Formed in July this year with around a dozen parties from across the country, the INDIA block has served little purpose yet at the national stage against the BJP except for protest marches.

In the recent state level elections held in Rajasthan, Madhya Pradesh, Chhattisgarh, the Congress went alone and lost all three (it was the incumbent party in Chhattisgarh and Rajasthan). The Samajwadi Party had openly accused Congress of undermining the alliance as the party refused to part with a few seats with the INDIA partner in MP.

In Bengal, where the Left parties, mainly the state unit of the CPM and the Congress, have been in an off-and-on political relationship during elections, both the BJP and the Trinamul pose an equal threat.

According to sources, Mamata’s statement on Thursday could be an attempt to arm twist the Congress into settling on a seat-sharing formula on her terms. Her ideological rivals, the Left Front, has categorically ruled out any electoral adjustments with the Trinamul, despite the occasional joint protests on several issues in Delhi including the recent suspension of Opposition MPs from both houses of Parliament.

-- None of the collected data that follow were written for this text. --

definition noisy_process ::
  "'a measure \<Rightarrow> ('a \<Rightarrow> real \<Rightarrow> real) \<Rightarrow> ('a \<Rightarrow> real \<Rightarrow> real) \<Rightarrow> ('a \<Rightarrow> real \<Rightarrow> real) \<Rightarrow> real \<Rightarrow> bool" where
  "noisy_process M f S N \<sigma> \<longleftrightarrow>
     prob_space M \<and> \<sigma> > 0 \<and>
     (\<forall>\<omega>\<in>space M. \<forall>x. f \<omega> x = S \<omega> x + N \<omega> x) \<and>
     (\<forall>\<omega>\<in>space M. continuous_on UNIV (S \<omega>)) \<and>
     (\<forall>x. (\<lambda>\<omega>. S \<omega> x) \<in> borel_measurable M) \<and>
     (\<forall>x. (\<lambda>\<omega>. N \<omega> x) \<in> borel_measurable M) \<and>
     prob_space.indep_var M (PiM UNIV (\<lambda>_. borel)) S (PiM UNIV (\<lambda>_. borel)) N \<and>
     (\<forall>xs :: real list. distinct xs \<longrightarrow>
        prob_space.indep_vars M (\<lambda>_. borel) (\<lambda>i \<omega>. N \<omega> (xs ! i)) {..<length xs}) \<and>
     (\<forall>x. distributed M lborel (\<lambda>\<omega>. N \<omega> x) (\<lambda>t. ennreal (normal_density 0 \<sigma> t)))"

end

theory Submission imports Defs begin

text \<open>Writing R(g) for the residual sum of squares of g on D, the likelihood is
  c exp(-R(g) / 2\<sigma>^2) with a constant c. Hence the Radon--Nikodym derivative is at most
  1 / E[exp(-R(S) / 2\<sigma>^2)], which by Jensen's inequality is at most exp(E[R(S)] / 2\<sigma>^2);
  and E[R(S)] \<le> 2nV + 2 \<Sigma> y_i^2 is controlled by the size of D. For the lower bound,
  the derivative averages to 1 along the prior, so its supremum is at least 1.\<close>

definition residual_ss :: "dataset \<Rightarrow> (real \<Rightarrow> real) \<Rightarrow> real" where
  "residual_ss D g = sum_list (map (\<lambda>(x, y). (g x - y)\<^sup>2) D)"

definition target_ss :: "dataset \<Rightarrow> real" where
  "target_ss D = sum_list (map (\<lambda>(x, y). y\<^sup>2) D)"

lemma residual_ss_simps [simp]:
  "residual_ss [] g = 0"
  "residual_ss ((x, y) # D) g = (g x - y)\<^sup>2 + residual_ss D g"
  by (simp_all add: residual_ss_def)

lemma target_ss_simps [simp]:
  "target_ss [] = 0"
  "target_ss ((x, y) # D) = y\<^sup>2 + target_ss D"
  by (simp_all add: target_ss_def)

lemma data_size_simps [simp]:
  "data_size [] = 0"
  "data_size ((x, y) # D) = max \<bar>y\<bar> 1 + data_size D"
  by (simp_all add: data_size_def)

lemma residual_ss_nonneg: "0 \<le> residual_ss D g"
  by (induction D) auto

lemma data_size_nonneg: "0 \<le> data_size D"
  by (induction D) (auto simp: max_def)

lemma one_le_data_size: "D \<noteq> [] \<Longrightarrow> 1 \<le> data_size D"
  by (cases D) (auto simp: data_size_nonneg add_increasing2)

lemma length_le_data_size: "real (length D) \<le> data_size D"
  by (induction D) auto

lemma target_ss_le_data_size_sq: "target_ss D \<le> (data_size D)\<^sup>2"
proof (induction D)
  case Nil
  then show ?case by simp
next
  case (Cons p D)
  obtain x y where p: "p = (x, y)" by fastforce
  have "y\<^sup>2 \<le> (max \<bar>y\<bar> 1)\<^sup>2"
    using abs_le_square_iff[of y "max \<bar>y\<bar> 1"] by simp
  moreover have "0 \<le> max \<bar>y\<bar> 1 * data_size D"
    using data_size_nonneg[of D] by simp
  ultimately show ?case
    using Cons p by (simp add: power2_eq_square algebra_simps)
qed

lemma length_target_ss_le_data_size_bound:
  assumes "data_size D \<le> B" and "0 \<le> V"
  shows "real (length D) * V + target_ss D \<le> 2 * B\<^sup>2 * V + B ^ 3"
proof (cases "D = []")
  case True
  then show ?thesis
    using assms data_size_nonneg[of D] by simp
next
  case False
  have B1: "1 \<le> B"
    using one_le_data_size[OF False] assms(1) by simp
  have "real (length D) * V \<le> B\<^sup>2 * V"
    using length_le_data_size[of D] assms B1 power_increasing[of 1 2 B]
    by (intro mult_right_mono) auto
  moreover have "target_ss D \<le> B ^ 3"
  proof -
    have "(data_size D)\<^sup>2 \<le> B\<^sup>2"
      using assms(1) data_size_nonneg[of D] by (intro power_mono)
    then have "target_ss D \<le> B\<^sup>2"
      using target_ss_le_data_size_sq[of D] by linarith
    also have "\<dots> \<le> B ^ 3"
      using B1 by (simp add: power_increasing)
    finally show ?thesis .
  qed
  ultimately show ?thesis
    using assms(2) zero_le_power2[of B] mult_nonneg_nonneg[of "B\<^sup>2" V] by linarith
qed

lemma gauss_lik_eq_exp_residual_ss:
  "gauss_lik \<sigma> D g = (1 / sqrt (2 * pi * \<sigma>\<^sup>2)) ^ length D * exp (- residual_ss D g / (2 * \<sigma>\<^sup>2))"
proof (induction D)
  case Nil
  then show ?case by (simp add: gauss_lik_def)
next
  case (Cons p D)
  obtain x y where p: "p = (x, y)" by fastforce
  have "gauss_lik \<sigma> (p # D) g = normal_density y \<sigma> (g x) * gauss_lik \<sigma> D g"
    by (simp add: gauss_lik_def p)
  also have "\<dots> = (1 / sqrt (2 * pi * \<sigma>\<^sup>2)) ^ length (p # D) *
      (exp (- (g x - y)\<^sup>2 / (2 * \<sigma>\<^sup>2)) * exp (- residual_ss D g / (2 * \<sigma>\<^sup>2)))"
    using Cons by (simp add: normal_density_def)
  also have "exp (- (g x - y)\<^sup>2 / (2 * \<sigma>\<^sup>2)) * exp (- residual_ss D g / (2 * \<sigma>\<^sup>2))
      = exp (- residual_ss (p # D) g / (2 * \<sigma>\<^sup>2))"
    by (simp add: p exp_add[symmetric] add_divide_distrib diff_divide_distrib)
  finally show ?case .
qed

lemma gauss_lik_pos: "\<sigma> \<noteq> 0 \<Longrightarrow> 0 < gauss_lik \<sigma> D g"
  by (simp add: gauss_lik_eq_exp_residual_ss)

lemma gauss_lik_nonneg: "0 \<le> gauss_lik \<sigma> D g"
  by (simp add: gauss_lik_eq_exp_residual_ss)

lemma gauss_lik_le_const: "gauss_lik \<sigma> D g \<le> (1 / sqrt (2 * pi * \<sigma>\<^sup>2)) ^ length D"
proof -
  have "exp (- residual_ss D g / (2 * \<sigma>\<^sup>2)) \<le> 1"
    using residual_ss_nonneg[of D g] by (simp add: divide_nonneg_nonneg)
  then show ?thesis
    unfolding gauss_lik_eq_exp_residual_ss by (simp add: mult_left_le)
qed

lemma borel_measurable_residual_ss:
  assumes "\<And>x. (\<lambda>\<omega>. S \<omega> x) \<in> borel_measurable M"
  shows "(\<lambda>\<omega>. residual_ss D (S \<omega>)) \<in> borel_measurable M"
proof (induction D)
  case Nil
  then show ?case by simp
next
  case (Cons p D)
  obtain x y where p: "p = (x, y)" by fastforce
  show ?case
    unfolding p residual_ss_simps using Cons assms[of x] by measurable
qed

lemma borel_measurable_gauss_lik:
  assumes "\<And>x. (\<lambda>\<omega>. S \<omega> x) \<in> borel_measurable M"
  shows "(\<lambda>\<omega>. gauss_lik \<sigma> D (S \<omega>)) \<in> borel_measurable M"
  unfolding gauss_lik_eq_exp_residual_ss using borel_measurable_residual_ss[OF assms] by measurable

context prob_space
begin

lemma integrable_gauss_lik:
  assumes "\<And>x. (\<lambda>\<omega>. S \<omega> x) \<in> borel_measurable M"
  shows "integrable M (\<lambda>\<omega>. gauss_lik \<sigma> D (S \<omega>))"
proof (rule integrable_const_bound)
  show "AE \<omega> in M. norm (gauss_lik \<sigma> D (S \<omega>)) \<le> (1 / sqrt (2 * pi * \<sigma>\<^sup>2)) ^ length D"
    by (simp add: gauss_lik_nonneg gauss_lik_le_const)
qed (rule borel_measurable_gauss_lik[OF assms])

lemma integral_gauss_lik_pos:
  assumes "\<sigma> \<noteq> 0" and "\<And>x. (\<lambda>\<omega>. S \<omega> x) \<in> borel_measurable M"
  shows "0 < (\<integral>\<omega>. gauss_lik \<sigma> D (S \<omega>) \<partial>M)"
proof -
  have pos: "0 < gauss_lik \<sigma> D (S \<omega>)" for \<omega>
    using assms(1) by (rule gauss_lik_pos)
  have "(\<integral>\<omega>. gauss_lik \<sigma> D (S \<omega>) \<partial>M) \<noteq> 0"
  proof
    assume "(\<integral>\<omega>. gauss_lik \<sigma> D (S \<omega>) \<partial>M) = 0"
    then have "AE \<omega> in M. gauss_lik \<sigma> D (S \<omega>) = 0"
      using integral_nonneg_eq_0_iff_AE[OF integrable_gauss_lik[OF assms(2)]] pos
      by (simp add: less_imp_le)
    then show False
      using pos by (simp add: less_le)
  qed
  moreover have "0 \<le> (\<integral>\<omega>. gauss_lik \<sigma> D (S \<omega>) \<partial>M)"
    using pos by (simp add: less_imp_le)
  ultimately show ?thesis by simp
qed

lemma one_le_SUP_post_rn:
  assumes "\<sigma> \<noteq> 0" and meas: "\<And>x. (\<lambda>\<omega>. S \<omega> x) \<in> borel_measurable M"
  shows "1 \<le> (SUP g. ereal (post_rn M S \<sigma> D g))"
proof (cases "D = []")
  case True
  then show ?thesis by (simp add: post_rn_def)
next
  case False
  define I where "I = (\<integral>\<omega>. gauss_lik \<sigma> D (S \<omega>) \<partial>M)"
  have I_pos: "0 < I"
    unfolding I_def using assms by (rule integral_gauss_lik_pos)
  show ?thesis
  proof (cases "(SUP g. ereal (post_rn M S \<sigma> D g))")
    case (real r)
    have "gauss_lik \<sigma> D (S \<omega>) \<le> r * I" for \<omega>
    proof -
      have "ereal (post_rn M S \<sigma> D (S \<omega>)) \<le> ereal r"
        using real by (metis SUP_upper UNIV_I)
      then show ?thesis
        using False I_pos by (simp add: post_rn_def I_def[symmetric] divide_le_eq)
    qed
    then have "I \<le> (\<integral>\<omega>. r * I \<partial>M)"
      unfolding I_def by (intro integral_mono integrable_gauss_lik meas) auto
    then have "1 * I \<le> r * I"
      by (simp add: prob_space)
    then show ?thesis
      using real I_pos by simp
  qed (auto simp: SUP_eq_iff)
qed

lemma
  fixes X :: "'a \<Rightarrow> real"
  assumes [measurable]: "X \<in> borel_measurable M" and sq: "integrable M (\<lambda>\<omega>. (X \<omega>)\<^sup>2)"
  shows integrable_sq_diff: "integrable M (\<lambda>\<omega>. (X \<omega> - y)\<^sup>2)"
    and integral_sq_diff_le: "(\<integral>\<omega>. (X \<omega> - y)\<^sup>2 \<partial>M) \<le> 2 * (\<integral>\<omega>. (X \<omega>)\<^sup>2 \<partial>M) + 2 * y\<^sup>2"
proof -
  have bound: "(X \<omega> - y)\<^sup>2 \<le> 2 * (X \<omega>)\<^sup>2 + 2 * y\<^sup>2" for \<omega>
    using sum_squares_ge_zero[of "X \<omega> + y" 0] by (simp add: power2_eq_square algebra_simps)
  have majorant: "integrable M (\<lambda>\<omega>. 2 * (X \<omega>)\<^sup>2 + 2 * y\<^sup>2)"
    using sq by simp
  show int: "integrable M (\<lambda>\<omega>. (X \<omega> - y)\<^sup>2)"
    by (rule Bochner_Integration.integrable_bound[OF majorant]) (auto intro!: AE_I2 simp: bound)
  have "(\<integral>\<omega>. (X \<omega> - y)\<^sup>2 \<partial>M) \<le> (\<integral>\<omega>. 2 * (X \<omega>)\<^sup>2 + 2 * y\<^sup>2 \<partial>M)"
    by (rule integral_mono[OF int majorant bound])
  also have "\<dots> = 2 * (\<integral>\<omega>. (X \<omega>)\<^sup>2 \<partial>M) + 2 * y\<^sup>2"
    using sq by (simp add: prob_space)
  finally show "(\<integral>\<omega>. (X \<omega> - y)\<^sup>2 \<partial>M) \<le> 2 * (\<integral>\<omega>. (X \<omega>)\<^sup>2 \<partial>M) + 2 * y\<^sup>2" .
qed

lemma integrable_residual_ss:
  assumes meas: "\<And>x. (\<lambda>\<omega>. S \<omega> x) \<in> borel_measurable M"
    and sq: "\<And>x. integrable M (\<lambda>\<omega>. (S \<omega> x)\<^sup>2)"
  shows "integrable M (\<lambda>\<omega>. residual_ss D (S \<omega>))"
proof (induction D)
  case Nil
  then show ?case by simp
next
  case (Cons p D)
  obtain x y where p: "p = (x, y)" by fastforce
  show ?case
    unfolding p residual_ss_simps using Cons integrable_sq_diff[OF meas sq] by simp
qed

lemma integral_residual_ss_le:
  assumes meas: "\<And>x. (\<lambda>\<omega>. S \<omega> x) \<in> borel_measurable M"
    and sq: "\<And>x. integrable M (\<lambda>\<omega>. (S \<omega> x)\<^sup>2)"
    and V: "\<And>x. (\<integral>\<omega>. (S \<omega> x)\<^sup>2 \<partial>M) \<le> V"
  shows "(\<integral>\<omega>. residual_ss D (S \<omega>) \<partial>M) \<le> 2 * (real (length D) * V + target_ss D)"
proof (induction D)
  case Nil
  then show ?case by simp
next
  case (Cons p D)
  obtain x y where p: "p = (x, y)" by fastforce
  have "(\<integral>\<omega>. residual_ss (p # D) (S \<omega>) \<partial>M)
      = (\<integral>\<omega>. (S \<omega> x - y)\<^sup>2 \<partial>M) + (\<integral>\<omega>. residual_ss D (S \<omega>) \<partial>M)"
    unfolding p residual_ss_simps
    using integrable_sq_diff[OF meas sq] integrable_residual_ss[OF meas sq] by simp
  also have "\<dots> \<le> (2 * V + 2 * y\<^sup>2) + 2 * (real (length D) * V + target_ss D)"
    using integral_sq_diff_le[OF meas sq, of x y] V[of x] Cons by linarith
  finally show ?case
    using p by (simp add: algebra_simps)
qed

“The situation in Bengal is different from the rest of the country. Here, the fight is against both the communal BJP and the corrupt Trinamul,” said a CPM politburo member. “The Trinamul is not interested in fighting against the BJP. They want to protect their own interests.”

On Wednesday the Congress MP from Maldah South, Abu Hashem Khan Chowdhury, had claimed that Trinamul had offered two seats, Maldah South and Berhampore (the last two remaining Congress citadels in the state), to the Congress.

Most Congress leaders in Bengal are also against joining hands with the Trinamul, though on some of the issues, like the cash-for-query controversy around the former Krishnagar MP Mahua Moitra, both the Congress and the CPM had come out in her support even before her own party.

“There is a lot of uncertainty on whether we will contest the polls in an alliance with either the Trinamul or the Left in Bengal. We want the air to be cleared. There is not much time left for us,” said a Bengal Congress leader.

Since coming to power in Bengal in 2011, the Trinamul leadership actively pursued a policy of poaching elected representatives and organizational leaders from both the Left and the Congress.

The Congress, the Left Front contested the 2021 Assembly polls in an alliance with the Indian Secular Front and ended up with zero seats. Only one ISF candidate Naushad Siddiqui won from Bhangor. The Congress nominee from Sagardighi, Bayron Biswas, won from the seat as a Congress-Left alliance candidate early this year but later defected to the Trinamul.

While in neighbouring Bihar, Congress leaders are keen on contesting under the INDIA block, in Uttar Pradesh the situation is tricky with both the Samajwadi Party and the Bahujan Samaj Party singing different tunes.

On Thursday, BSP MP Malook Nagar set the condition that the BSP could join the alliance if the party chief Mayawati was propped as the PM face. Last week, Mamata and Delhi chief minister and AAP convenor Arvind Kejriwal had suggested Congress president Mallikarjun Kharge as the Prime Ministerial nominee, which the latter has turned down.